Torn wings of toil, mortal beauty in the last sun.


England is the most wonderful of countries. Yesterday I cycled to the country town of Stockbridge and sat in the warm sun watching an alien tweed clad upper class world go by. I stopped and watched the last late cygnets in the river Test. Four deer startled and ran through the sun dappled woods where the bluebells will bloom in May. I long for them now and for their prophets – the snowdrops. 

Today is cold and the last swallows fill their tanks before hitting the gas pedal and heading south. Geese begin to gather at the starting line. Soon enough it will be out to work in the dark and home in the dark. Perhaps I should strategically place a furry rug in front of the open log fire and do some research. No fire – no problem: I could paint some flames on a radiator in the lounge I guess.

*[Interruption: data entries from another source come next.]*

text \<open>Shifted series: index m corresponds to the (m+1)-th term.\<close>
primrec derived_aux where
  "derived_aux scale mult br n I 0 = I"
| "derived_aux scale mult br n I (Suc m) =
     (let J = derived_aux scale mult br n I m in
      ssum scale (sbr scale br n (\<lambda>t. if t = 0 then J else if t = 1 then J else UNIV))
                 (sprod scale mult J J))"

primrec lower_aux where
  "lower_aux scale mult br n I 0 = I"
| "lower_aux scale mult br n I (Suc m) =
     (let J = lower_aux scale mult br n I m in
      ssum scale (sbr scale br n (\<lambda>t. if t = 0 then J else if t = 1 then I else UNIV))
                 (sprod scale mult J I))"

text \<open>I^(k) (derived series) and I^k (lower series), for k >= 1 (I^(1) = I^1 = I).\<close>
definition derived where
  "derived scale mult br n I k = derived_aux scale mult br n I (k - 1)"

definition lower where
  "lower scale mult br n I k = lower_aux scale mult br n I (k - 1)"

end

theory Submission
  imports Defs
begin

text \<open>Each term \<open>P^(m+1)\<close> of the lower series is spanned by brackets with an argument in \<open>P^m\<close>
  and by products with a factor in \<open>P^m\<close>, so membership claims can be checked on these generators:
  products are handled by associativity and the Leibniz rule, brackets by the fundamental
  identity, which moves the inner bracket outward. Induction on the degrees gives
  \<open>P^i P^j \<subseteq> P^(i+j)\<close>, then \<open>[P^i, P^j, P, ..., P] \<subseteq> P^(i+j)\<close>, and then the bound for
  brackets of \<open>k\<close> terms; \<open>P^(i) \<subseteq> P^(2^(i-1))\<close> follows by doubling, and the composition rule
  for the derived series is immediate from its recursion.\<close>

lemma derived_aux_add:
  "derived_aux scale mult br n (derived_aux scale mult br n I a) b
    = derived_aux scale mult br n I (a + b)"
  by (induction b) (simp_all add: Let_def)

Willows overhang a sun warmed river Test. 


In these last days of pseudo summer I took some pictures. Once upon a time I could have done a poem but that gift voucher is long ago spent on frippery, anger and hoover bags. 



Emma thinx: If it’s going, let it go. Just keep hold of the string. 




Lunch With Mrs Fox

It’s OK, I’m friendly…….really.


For me, Nature, in all its forms, represents a shimmering drop of liquid beauty trembling on a leaf between Wonder and Fear. Now – how is that for pure PURPLE!!!!? The sad thing is – that is how I actually feel about it. Who could deny the sense of awe at the close up view of a spider’s leg?

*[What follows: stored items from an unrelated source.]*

(* Let $\mathcal{H}$ be a real Hilbert space with norm $\|\cdot\|$. Let $c>0$, $\alpha\in[0,1)$ and $\gamma(t)=\frac{c}{(1+t)^\alpha}$. Let $\omega:[0,+\infty)\to\mathcal{H}$ be a measurable function satisfying $\int_0^{+\infty}\frac{1}{\gamma(t)}\|\omega(t)\|\,dt<+\infty$. If $y\in W^{2,1}_{loc}(0,+\infty;\mathcal{H})$ is a solution of the differential equation $$\ddot y(t)+\gamma(t)\dot y(t)=\omega(t),$$ then $y(t)$ converges strongly in $\mathcal{H}$ as $t\to+\infty$.
   Context: $W^{2,1}_{loc}(0,+\infty;\mathcal{H})$ denotes functions whose first and second (weak) derivatives are locally integrable with values in $\mathcal{H}$; $\dot y,\ddot y$ denote the first and second time derivatives. *)

theory Defs
  imports "HOL-Analysis.Analysis"
begin

end

theory Submission
  imports Defs
begin

(* With the integrating factor Gamma = exp (integral of gamma) the equation reads
   (Gamma y')' = Gamma omega, so testing against y'(t) gives
   Gamma(t) |y'(t)| <= Gamma(a) |y'(a)| + int_a^t Gamma |omega|.
   If (1/gamma)' <= theta < 1 (for gamma = c/(1+t)^alpha this holds for large t because alpha < 1),
   then Gamma(r) int_r^T 1/Gamma <= 1/((1 - theta) gamma(r)).  Dividing by Gamma, integrating and
   exchanging the order of integration bounds int_a^T |y'| by
   (|y'(a)|/gamma(a) + int |omega|/gamma)/(1 - theta) uniformly in T, so y(t) is Cauchy. *)

lemma has_integral_norm_le_integral_norm:
  fixes f :: "'n::euclidean_space \<Rightarrow> 'a::real_inner"
  assumes f: "(f has_integral i) S" and norm_f: "(\<lambda>x. norm (f x)) integrable_on S"
  shows "norm i \<le> integral S (\<lambda>x. norm (f x))"
proof -
  let ?B = "integral S (\<lambda>x. norm (f x))"
  have "norm i * norm i \<le> norm i * ?B"
  proof -
    have "((\<lambda>x. inner i (f x)) has_integral inner i i) S"
      using has_integral_linear[OF f bounded_linear_inner_right] by (simp add: o_def)
    moreover have "((\<lambda>x. norm i * norm (f x)) has_integral norm i * ?B) S"
      using norm_f by (intro has_integral_mult_right integrable_integral)
    ultimately have "inner i i \<le> norm i * ?B"
      by (rule has_integral_le) (rule norm_cauchy_schwarz)
    then show ?thesis by (simp add: dot_square_norm power2_eq_square)
  qed
  moreover have "0 \<le> ?B" using norm_f by (rule integral_nonneg) simp
  ultimately show ?thesis by (cases "i = 0") (auto simp: mult_le_cancel_left)
qed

Well actually I probably could…..

Sometimes Nature just ain’t natural

All this leads me to my recent lunch with Mrs Fox. It’s hard to tell quite often but I’m sure it is Mrs Fox because shortly after she arrived at table, she sat down to have a wee. Generally in my experience, ladies sit down.
 She turned up quite out of the blue. I had done my domestic servitude duty at ASDA and had sat down with a mortadella baguette with English salad cream and lettuce. A slightly misty sunlight flooded through the lattice of oak trees and concrete council street lighting. Mrs Fox wandered across the lawn and sat down next to me. We looked at each other in the way that people do on trains and at supermarket checkouts. We shared my sandwich. She liked the meat but looked at me in horror when I offered her some bread. (It was like being the only mum without a new 4×4 vehicle at the posh school).

Thanks for lunch – see ya later.


Mrs Fox seemed quite content to eat the rest of my lunch while I went and got my camera. Being very much an urban urchin I have always been part terrified and part overawed by wild beasts. In my own humble little way I felt as if the universe had conferred a great honour on me.Encounters form our lives I suppose, but we savour so few.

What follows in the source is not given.